In a 2D picture, an SVM draws a line called a decision boundary between two classes of points. The closest points to that line are called support vectors, and they control where the boundary goes. The distance from the boundary to these closest points is called the margin, and the SVM tries to make this margin as large as possible.

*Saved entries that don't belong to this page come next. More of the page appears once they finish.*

(* Let $\Pi$ be a program and $e=(e_{in},e_{out})$ an example with $[\![\Pi]\!]e_{in}\neq e_{out}$, and let $\mathcal{P}\subseteq\mathcal{U}$ be such that $e_{out}\in\gamma(\mathrm{EvalAbstract}(\Pi,e_{in},\mathcal{P}))$. Then the mapping $\mathcal{I}$ returned by $\textsc{ConstructProof}(\Pi,e,\mathcal{P},\mathcal{U})$ is a proof of incorrectness of $\Pi$ with respect to $e$. That is: (1) for every leaf $v$ labelled by terminal $t$, $(t=[\![t]\!]e_{in})\sqsubseteq\mathcal{I}(v)$; (2) for every internal node $v$ labelled $f$ with children $v_1,\dots,v_n$, $[\![f(\mathcal{I}(v_1),\dots,\mathcal{I}(v_n))]\!]^\#\sqsubseteq\mathcal{I}(v)$; (3) $e_{out}\notin\gamma(\mathcal{I}(\mathrm{root}(\Pi)))$.
   Context: A DSL is given by a context-free grammar $G$ with start symbol $s_0$. Productions have the form $s\to t$, where $t$ is the input variable $x$ or a constant, or $s\to f(s_1,\dots,s_n)$. Programs are finite ASTs derived from $s_0$, and each node carries the grammar symbol it derives from. Concrete semantics: $[\![x]\!]c=c$; $[\![t]\!]$ is the value of constant $t$ (we write $[\![x]\!]e_{in}=e_{in}$); $[\![f(\Pi_1,\dots,\Pi_n)]\!]c=[\![f]\!]([\![\Pi_1]\!]c,\dots,[\![\Pi_n]\!]c)$. A predicate over grammar symbol $s$ is a formula with sole free variable $s$. An abstract value is a conjunction of predicates ($\mathit{true}$ is the empty one), $\gamma(\varphi)$ is its set of satisfying values, and $\varphi\sqsubseteq\varphi'$ iff $\varphi\Rightarrow\varphi'$. $\alpha^{\mathcal{P}}(\varphi)$ is the conjunction of all $p\in\mathcal{P}$ (over the relevant symbol) with $\varphi\Rightarrow p$. $\mathcal{U}$ is the universe of predicates, and an abstract value over $\mathcal{U}$ is a conjunction of predicates from $\mathcal{U}$. It is assumed that $\mathcal{U}$ contains every equality predicate $s=c$. Each $f$ has an abstract transformer $[\![f(\varphi_1,\dots,\varphi_n)]\!]^\#$ satisfying three properties. It is sound: $c_i\in\gamma(\varphi_i)$ implies $[\![f]\!](\vec c)\in\gamma([\![f(\vec\varphi)]\!]^\#)$. It is monotone with respect to $\sqsubseteq$. It is precise on concrete inputs: $[\![f(s_1=c_1,\dots,s_n=c_n)]\!]^\#\sqsubseteq(s=[\![f]\!](c_1,\dots,c_n))$. $\mathrm{EvalAbstract}(\Pi,c,\mathcal{P})$ is defined recursively: $\alpha^{\mathcal{P}}(x=c)$ for leaf $x$; $\alpha^{\mathcal{P}}(t=[\![t]\!])$ for leaf constant $t$; $\alpha^{\mathcal{P}}([\![f(\mathrm{EvalAbstract}(\Pi_1,c,\mathcal{P}),\dots,\mathrm{EvalAbstract}(\Pi_n,c,\mathcal{P}))]\!]^\#)$ for a node $f(\Pi_1,\dots,\Pi_n)$. A fixed integer $k\ge1$ bounds conjunction lengths. $\mathrm{StrengthenRoot}(p_+,p_-,\varphi,\mathcal{U})$ works as follows. Let $\Phi=\{p\in\mathcal{U}: p_+\Rightarrow p\}$, and let $\Psi$ be the set of conjunctions of at most $k+1$ elements of $\Phi$. Start with $\psi^*:=p_+$. Iterate over $\psi\in\Psi$, replacing $\psi^*$ by $\psi$ whenever $\psi^*\Rightarrow\psi$ and $(\varphi\wedge\psi)\Rightarrow p_-$. Return $\psi^*$. $\mathrm{StrengthenChildren}(\vec\phi,\vec\varphi,\varphi_p,\mathcal{U},f)$ works as follows, with $\vec\phi=(\phi_1,\dots,\phi_n)$ and $\vec\varphi=(\varphi_1,\dots,\varphi_n)$. Let $\Phi_i=\{p\in\mathcal{U}:\phi_i\Rightarrow p\}$, and let $\Psi_i$ be the set of conjunctions of at most $k+1$ elements of $\Phi_i$. Start with $\vec\psi^*:=\vec\phi$. Iterate over all tuples $\vec\psi$ with $\psi_i\in\Psi_i$, replacing $\vec\psi^*$ by $\vec\psi$ whenever $\psi^*_i\Rightarrow\psi_i$ for all $i$ and $[\![f(\varphi_1\wedge\psi_1,\dots,\varphi_n\wedge\psi_n)]\!]^\#\Rightarrow\varphi_p$. Return $\vec\psi^*$. $\textsc{ConstructProof}(\Pi,e,\mathcal{P},\mathcal{U})$ works in two phases. First, for the root $r$: let $\varphi=\mathrm{EvalAbstract}(\Pi,e_{in},\mathcal{P})$ and $\psi=\mathrm{StrengthenRoot}(s_0=[\![\Pi]\!]e_{in},\ s_0\neq e_{out},\ \varphi,\ \mathcal{U})$, and set $\mathcal{I}(r)=\varphi\wedge\psi$. Then it processes a worklist initialised to $\{r\}$. While the worklist is nonempty, it removes a node $cur$, labelled $f$, with child subtrees $\Pi_1,\dots,\Pi_n$. It sets $\phi_i=(s_i=[\![\Pi_i]\!]e_{in})$, where $s_i$ is the grammar symbol of the root of $\Pi_i$, and $\varphi_i=\mathrm{EvalAbstract}(\Pi_i,e_{in},\mathcal{P})$. It computes $\vec\psi=\mathrm{StrengthenChildren}(\vec\phi,\vec\varphi,\mathcal{I}(cur),\mathcal{U},f)$ and sets $\mathcal{I}(\mathrm{root}(\Pi_i))=\varphi_i\wedge\psi_i$ for each $i$. Each non-leaf $\mathrm{root}(\Pi_i)$ is added to the worklist. Finally it returns $\mathcal{I}$. *)

theory Defs
  imports Main
begin

text \<open>Every node carries the grammar symbol it derives from.  Leaves are the
input variable x or a constant t; internal nodes are applications of f.\<close>
datatype ('s,'c,'f) prog =
    Var 's
  | Const 's 'c
  | App 's 'f "('s,'c,'f) prog list"

datatype ('s,'c,'f) production =
    PVar 's
  | PConst 's 'c
  | PApp 's 'f "'s list"

fun sym_of :: "('s,'c,'f) prog \<Rightarrow> 's" where
  "sym_of (Var s) = s"
| "sym_of (Const s t) = s"
| "sym_of (App s f ps) = s"

fun derives :: "('s,'c,'f) production set \<Rightarrow> ('s,'c,'f) prog \<Rightarrow> bool" where
  "derives G (Var s) = (PVar s \<in> G)"
| "derives G (Const s t) = (PConst s t \<in> G)"
| "derives G (App s f ps) =
     (PApp s f (map sym_of ps) \<in> G \<and> list_all (derives G) ps)"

When the data cannot be separated by a straight line, SVMs can use kernels to create curved boundaries in a transformed feature space.

Key Facts

  • An SVM classifies data by finding a decision boundary that separates classes.
  • For a line in 2D, a decision boundary can be written as w1x1 + w2x2 + b = 0.
  • The predicted class is often based on the sign of f(x) = w · x + b.
  • The margin is the distance between the decision boundary and the nearest training points.
  • Support vectors are the closest data points to the boundary and have the biggest influence on the model.
  • For linearly separable data, the margin width is 2 / ||w||, so maximizing the margin means minimizing ||w||.

Vocabulary

Support Vector Machine
A machine learning algorithm that finds a boundary with the widest margin to separate data into classes.
Decision Boundary
The line, plane, or surface that a model uses to separate one predicted class from another.
Support Vector
A training data point closest to the decision boundary that helps determine the boundary's position.
Margin
The gap between the decision boundary and the nearest data points from each class.
Kernel
A function that lets an SVM create a nonlinear boundary by comparing data as if it were in a higher-dimensional space.

Common Mistakes to Avoid

  • Choosing the line that merely separates the points, not the one with the widest margin, is wrong because SVMs look for the most confident separation, not just any separation.
  • Thinking every data point controls the boundary is wrong because only the support vectors have the strongest effect on where the boundary is placed.
  • Assuming SVMs can only draw straight lines is wrong because kernels allow SVMs to make curved decision boundaries for nonlinear patterns.
  • Ignoring feature scaling is wrong because SVMs use distances, so features with large numerical ranges can unfairly dominate the model.

Practice Questions

  1. 1 A decision boundary is f(x) = 2x1 - x2 + 1. For the point (3, 4), calculate f(x) and predict the class if positive values mean Class A and negative values mean Class B.
  2. 2 An SVM has ||w|| = 0.5 for a linearly separable dataset. Use margin width = 2 / ||w|| to find the margin width.
  3. 3 Two possible separating lines both classify all training points correctly. Line 1 has a small margin, and Line 2 has a large margin. Explain which line an SVM would choose and why.